In recreating this project, I will be attempting to test two hypotheses. The paper claims that it can “anonymize a large ECG database in minutes”, which leads me to believe that this paper can be recreated with any ECG dataset. 

- Hypothesis 1: I will be testing if it is possible to glean similar results from the paper using alternate ECG datasets than the original used in the paper.
- Hypothesis 2: This hypothesis comes from the authors’ GitHub, in which they state a future improvement could be to “try to induce privacy by simply varying rhythm, thus requiring less transformation and allowing better readability”.

I would like to see if I can make these improvements upon their codebase, and aim to do so by modifying the GAN to discriminate and generate heartbeat rhythm in conjunction with or in place of sex-defining features. I find that Transfer Learning could be beneficial in this attempt. 

Given the low complexity of the model as well as the manageable size of data, I believe replication of PrivECG should be possible on my personal hardware. Additionally, an aim of the project is to be efficient on large databases, which leads me to believe it could likely be done on lesser hardware. 

# Methodology

Below is the associated methodology in which I attempt to recreate the privECG model. One main struggle discovered in the attempt to reproduce PrivECG is installing all necessary dependencies. The packages are very dependency specific, so it is difficult to install all packages and import them with their Python version dependencies. Beyond that, a notable issue I ran into was with the CUDA version of the torch package specified in the requirements.txt file:

torch==2.0.1+cu117

I am currently looking at a resolution to this group of dependencies and provide an updated requirement.txt and some documentation on any specific versioning in order to replicate PrivECG's functionality. For now, I am simply using the most recent version of each package.
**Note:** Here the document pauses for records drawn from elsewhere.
(* Let $L$ be a frame. The map $\nu(F)=\bigcap_{a\in F}\mathfrak o(a)$ restricts to an order isomorphism from $(\mathrm{Int}(\mathsf{SO}(L)),\sqsubseteq)$ onto $(\{\mathrm{fit}(S)\mid S\in\mathcal S_k(L)\},\subseteq)$, with inverse $S\mapsto\{a\in L\mid S\subseteq\mathfrak o(a)\}$.
   Context: A frame is a complete lattice $L$ with $(\bigvee A)\wedge b=\bigvee_{a\in A}(a\wedge b)$, Heyting implication $\to$. A sublocale is a subset $S\subseteq L$ closed under all meets with $a\to s\in S$ for $a\in L,s\in S$; sublocales form a coframe $\mathsf{Sl}(L)$ under inclusion with joins $\bigvee_i S_i=\{\bigwedge A\mid A\subseteq\bigcup_i S_i\}$. $\mathfrak o(a)=\{a\to b\mid b\in L\}$. $\mathrm{fit}(S)=\bigcap\{\mathfrak o(a)\mid S\subseteq\mathfrak o(a)\}$. A sublocale $S$ is compact if $S\subseteq\bigvee_{a\in A}\mathfrak o(a)$ implies $S\subseteq\mathfrak o(a_1)\vee\dots\vee\mathfrak o(a_n)$ for some $a_1,\dots,a_n\in A$; $\mathcal S_k(L)$ is the set of joins in $\mathsf{Sl}(L)$ of compact sublocales. Filters are nonempty up-closed subsets closed under finite meets, ordered by reverse inclusion $\sqsubseteq$; a filter $F$ is Scott-open if every directed $D$ with $\bigvee D\in F$ meets $F$; $\mathsf{SO}(L)$ is the set of Scott-open filters, and $\mathrm{Int}(\mathsf{SO}(L))$ the set of intersections of subfamilies of it (empty intersection $=L$). *)

theory Defs
  imports Main
begin

definition is_frame :: "'a::complete_lattice itself \<Rightarrow> bool" where
  "is_frame _ \<longleftrightarrow> (\<forall>(A::'a set) b. inf (Sup A) b = (SUP a\<in>A. inf a b))"

definition himp :: "'a::complete_lattice \<Rightarrow> 'a \<Rightarrow> 'a" where
  "himp a b = Sup {c. inf c a \<le> b}"

definition sublocale_of :: "'a::complete_lattice set \<Rightarrow> bool" where
  "sublocale_of S \<longleftrightarrow> (\<forall>A. A \<subseteq> S \<longrightarrow> Inf A \<in> S) \<and> (\<forall>a s. s \<in> S \<longrightarrow> himp a s \<in> S)"

definition sl_join :: "'a::complete_lattice set set \<Rightarrow> 'a set" where
  "sl_join \<S> = {Inf A | A. A \<subseteq> \<Union>\<S>}"

definition open_sl :: "'a::complete_lattice \<Rightarrow> 'a set" where
  "open_sl a = {himp a b | b. True}"

definition fit :: "'a::complete_lattice set \<Rightarrow> 'a set" where
  "fit S = \<Inter>{open_sl a | a. S \<subseteq> open_sl a}"

definition compact_sl :: "'a::complete_lattice set \<Rightarrow> bool" where
  "compact_sl S \<longleftrightarrow> sublocale_of S \<and>
     (\<forall>A. S \<subseteq> sl_join (open_sl ` A) \<longrightarrow>
        (\<exists>B. finite B \<and> B \<subseteq> A \<and> S \<subseteq> sl_join (open_sl ` B)))"

definition Sk :: "'a::complete_lattice set set" where
  "Sk = {sl_join \<C> | \<C>. \<C> \<subseteq> {S. compact_sl S}}"

definition is_filter :: "'a::complete_lattice set \<Rightarrow> bool" where
  "is_filter F \<longleftrightarrow> F \<noteq> {} \<and> (\<forall>a b. a \<in> F \<and> a \<le> b \<longrightarrow> b \<in> F) \<and>
     (\<forall>a b. a \<in> F \<and> b \<in> F \<longrightarrow> inf a b \<in> F)"

definition directed_set :: "'a::complete_lattice set \<Rightarrow> bool" where
  "directed_set D \<longleftrightarrow> D \<noteq> {} \<and> (\<forall>x\<in>D. \<forall>y\<in>D. \<exists>z\<in>D. x \<le> z \<and> y \<le> z)"

definition scott_open_filter :: "'a::complete_lattice set \<Rightarrow> bool" where
  "scott_open_filter F \<longleftrightarrow> is_filter F \<and>
     (\<forall>D. directed_set D \<and> Sup D \<in> F \<longrightarrow> D \<inter> F \<noteq> {})"

text \<open>Intersections of families of Scott-open filters (empty intersection = L).\<close>
definition IntSO :: "'a::complete_lattice set set" where
  "IntSO = {\<Inter>\<F> | \<F>. \<F> \<subseteq> {F. scott_open_filter F}}"

definition nu :: "'a::complete_lattice set \<Rightarrow> 'a set" where
  "nu F = (\<Inter>a\<in>F. open_sl a)"

end

theory Submission
  imports Defs
begin

text \<open>
  A Scott-open filter \<open>F\<close> is recovered from \<open>nu F\<close>. If \<open>b \<notin> F\<close>, Zorn's lemma (the complement
  of \<open>F\<close> is closed under directed joins) gives some \<open>m \<ge> b\<close> maximal outside \<open>F\<close>; maximality
  forces \<open>a \<rightarrow> m = m\<close> for every \<open>a \<in> F\<close>, i.e. \<open>m \<in> nu F\<close>, whereas \<open>m \<in> open_sl b\<close> would give
  \<open>m = b \<rightarrow> m = \<top> \<in> F\<close>. Hence \<open>F = {a. nu F \<subseteq> open_sl a}\<close>, also for intersections of Scott-open
  filters. Since \<open>open_sl (\<Squnion>A)\<close> equals the sublocale join of the \<open>open_sl a\<close>, \<open>a \<in> A\<close>, compactness
  of \<open>K\<close> makes \<open>{a. K \<subseteq> open_sl a}\<close> Scott-open, and Scott-openness of \<open>F\<close> makes \<open>nu F\<close> compact.
  Finally \<open>fit S = nu {a. S \<subseteq> open_sl a}\<close> links the two sides.
\<close>

lemma order_eqI_lower_bounds: "(\<And>c. c \<le> x \<longleftrightarrow> c \<le> y) \<Longrightarrow> x = (y::'a::order)"
  by (metis order.antisym order.refl)

lemma himp_top: "himp top b = b"
  by (simp add: himp_def atMost_def[symmetric])

lemma himp_eq_top: "a \<le> b \<Longrightarrow> himp a b = top"
  unfolding himp_def by (rule top_le, rule Sup_upper) (simp add: le_infI2)

lemma open_sl_top: "open_sl top = UNIV"
  unfolding open_sl_def by (metis (mono_tags, lifting) UNIV_eq_I himp_top mem_Collect_eq)

lemma sublocale_of_Inter:
  assumes "\<And>S. S \<in> \<S> \<Longrightarrow> sublocale_of S"
  shows "sublocale_of (\<Inter>\<S>)"
  unfolding sublocale_of_def
proof (intro conjI allI impI)
  fix A assume A: "A \<subseteq> \<Inter>\<S>"
  show "Inf A \<in> \<Inter>\<S>"
  proof
    fix S assume "S \<in> \<S>"
    with A have "A \<subseteq> S" by blast
    with assms[OF \<open>S \<in> \<S>\<close>] show "Inf A \<in> S" unfolding sublocale_of_def by blast
  qed
next
  fix a s assume "s \<in> \<Inter>\<S>"
  then show "himp a s \<in> \<Inter>\<S>" using assms unfolding sublocale_of_def by blast
qed

lemma fit_subset_open_sl_iff: "fit S \<subseteq> open_sl a \<longleftrightarrow> S \<subseteq> open_sl a"
  unfolding fit_def by blast

lemma fit_fit: "fit (fit S) = fit S"
  unfolding fit_def[of "fit S"] fit_subset_open_sl_iff unfolding fit_def ..

lemma fit_eq_nu: "fit S = nu {a. S \<subseteq> open_sl a}"
  unfolding fit_def nu_def by blast

lemma nu_antimono: "G \<subseteq> F \<Longrightarrow> nu F \<subseteq> nu G"
  unfolding nu_def by blast

lemma nu_subset_open_sl: "a \<in> F \<Longrightarrow> nu F \<subseteq> open_sl a"
  unfolding nu_def by blast

lemma directed_set_finite_upper_bound:
  assumes D: "directed_set D" and "finite B" "B \<subseteq> D"
  shows "\<exists>d\<in>D. \<forall>x\<in>B. x \<le> d"
  using \<open>finite B\<close> \<open>B \<subseteq> D\<close>
proof (induction B rule: finite_induct)
  case empty
  then show ?case using D by (auto simp: directed_set_def)
next
  case (insert x B)
  then obtain d where "d \<in> D" "\<forall>y\<in>B. y \<le> d" by auto
  moreover obtain z where "z \<in> D" "x \<le> z" "d \<le> z"
    using D insert.prems \<open>d \<in> D\<close> unfolding directed_set_def by blast
  ultimately show ?case by (auto intro: order_trans)
qed

lemma directed_set_finite_Sups: "directed_set {Sup B | B. finite B \<and> B \<subseteq> A}"
  unfolding directed_set_def
proof (intro conjI ballI)
  show "{Sup B | B. finite B \<and> B \<subseteq> A} \<noteq> {}" by blast
next
  fix x y assume "x \<in> {Sup B | B. finite B \<and> B \<subseteq> A}" "y \<in> {Sup B | B. finite B \<and> B \<subseteq> A}"
  then obtain B1 B2 where "x = Sup B1" "y = Sup B2" "finite B1" "finite B2" "B1 \<subseteq> A" "B2 \<subseteq> A"
    by blast
  then show "\<exists>z\<in>{Sup B | B. finite B \<and> B \<subseteq> A}. x \<le> z \<and> y \<le> z"
    by (intro bexI[of _ "Sup (B1 \<union> B2)"]) (auto intro: Sup_subset_mono)
qed

lemma Sup_finite_Sups: "Sup {Sup B | B. finite B \<and> B \<subseteq> A} = Sup (A::'a::complete_lattice set)"
proof (rule order.antisym)
  show "Sup {Sup B | B. finite B \<and> B \<subseteq> A} \<le> Sup A"
    by (rule Sup_least) (auto intro: Sup_subset_mono)
  have "x \<le> Sup {Sup B | B. finite B \<and> B \<subseteq> A}" if "x \<in> A" for x
  proof (rule Sup_upper2)
    show "Sup {x} \<in> {Sup B | B. finite B \<and> B \<subseteq> A}"
      using that by (intro CollectI exI[of _ "{x}"]) simp
  qed simp
  then show "Sup A \<le> Sup {Sup B | B. finite B \<and> B \<subseteq> A}"
    by (rule Sup_least)
qed

lemma scott_open_filter_top: "scott_open_filter F \<Longrightarrow> top \<in> F"
  unfolding scott_open_filter_def is_filter_def by (metis ex_in_conv top_greatest)

lemma scott_open_filter_maximal_outside:
  assumes F: "scott_open_filter F" and "b \<notin> F"
  obtains m where "b \<le> m" "m \<notin> F" "\<And>c. m \<le> c \<Longrightarrow> c \<notin> F \<Longrightarrow> c = m"
proof -
  let ?U = "{m. b \<le> m \<and> m \<notin> F}"
  have "partial_order_on ?U (relation_of (\<le>) ?U)"
    by (rule partial_order_on_relation_ofI) auto
  then have "\<exists>m\<in>?U. \<forall>c\<in>?U. m \<le> c \<longrightarrow> c = m"
  proof (rule predicate_Zorn)
    fix C assume "C \<in> Chains (relation_of (\<le>) ?U)"
    then have CU: "C \<subseteq> ?U" and chain: "\<forall>x\<in>C. \<forall>y\<in>C. x \<le> y \<or> y \<le> x"
      unfolding Chains_def relation_of_def by auto
    show "\<exists>u\<in>?U. \<forall>c\<in>C. c \<le> u"
    proof (cases "C = {}")
      case True
      then show ?thesis using \<open>b \<notin> F\<close> by auto
    next
      case False
      then have "directed_set C" unfolding directed_set_def using chain by blast
      with CU F have "Sup C \<notin> F" unfolding scott_open_filter_def by blast
      moreover from False CU have "b \<le> Sup C" by (auto intro: Sup_upper2)
      ultimately show ?thesis by (auto intro: Sup_upper)
    qed
  qed
  then obtain m where "b \<le> m" "m \<notin> F" and max: "\<forall>c\<in>?U. m \<le> c \<longrightarrow> c = m"
    by blast
  have maximal: "c = m" if "m \<le> c" "c \<notin> F" for c
  proof -
    from \<open>b \<le> m\<close> \<open>m \<le> c\<close> have "b \<le> c" by (rule order_trans)
    with max that show "c = m" by blast
  qed
  from \<open>b \<le> m\<close> \<open>m \<notin> F\<close> maximal show ?thesis by (rule that)
qed

context
  assumes frame: "is_frame TYPE('a::complete_lattice)"
begin

lemma frame_inf_Sup: "inf c (Sup D) = (SUP d\<in>D. inf c (d::'a))"
  using frame by (simp add: is_frame_def inf_commute)

lemma le_himp_iff: "c \<le> himp a b \<longleftrightarrow> inf c a \<le> (b::'a)"
proof
  assume "inf c a \<le> b"
  then show "c \<le> himp a b" unfolding himp_def by (simp add: Sup_upper)
next
  assume "c \<le> himp a b"
  then have "inf c a \<le> inf a (Sup {c. inf c a \<le> b})"
    by (simp add: himp_def inf_commute le_infI2)
  also have "\<dots> = (SUP d\<in>{c. inf c a \<le> b}. inf a d)" by (rule frame_inf_Sup)
  also have "\<dots> \<le> b" by (auto intro!: SUP_least simp: inf_commute)
  finally show "inf c a \<le> b" .
qed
Another dependency that is not covered in the requirements.txt is ecgdetectors, a python package in utils.py

In [13]:
# RUN PRIOR TO IMPORT IF MISSING DEPENDENCIES IN PYTHON ENV

# I think that ipykernels might actually have been outpaced by the requirements here...
# I managed to get the libraries to work by running the below command in conda shell:

#!pip install -r requirements.txt

#!pip install py-ecg-detectors

In [14]:
## IMPORTS ##

import os
import numpy as np
import random 
import pandas as pd
from statistics import mean
import torch
from torch.utils.data import Dataset, DataLoader 
from tqdm import tqdm
import gc
from torch.autograd import Variable
import torch.optim as optim
import torch.nn.functional as F
import torch.utils.data
import math
from sklearn.model_selection import train_test_split
from utils import *
from models import *

# Data

One of the hypotheses lies in the ability to replicate PrivECG on separate data. I managed to find 12-lead ECG data that was made public in a separate paper (see reference 3 in references section). There are quite a few data pre-processing steps that were needed to be performed before using the data in the GAN model below. The data originally came in shape (N, 5000, 12) which is typical for an ECG, but the data existed as separate excel files, where the model expects downsampled numpy arrays of size (N, 500, 12). Thus, it was imperative to read the data (which was incredibly memory intensive) from the Excel files to numpy arrays. Beyond this, I needed to generate R-Waves and non-R-Waves, as this is key to anonymizing the data. This process relies on finding the peaks in the ECG per lead. 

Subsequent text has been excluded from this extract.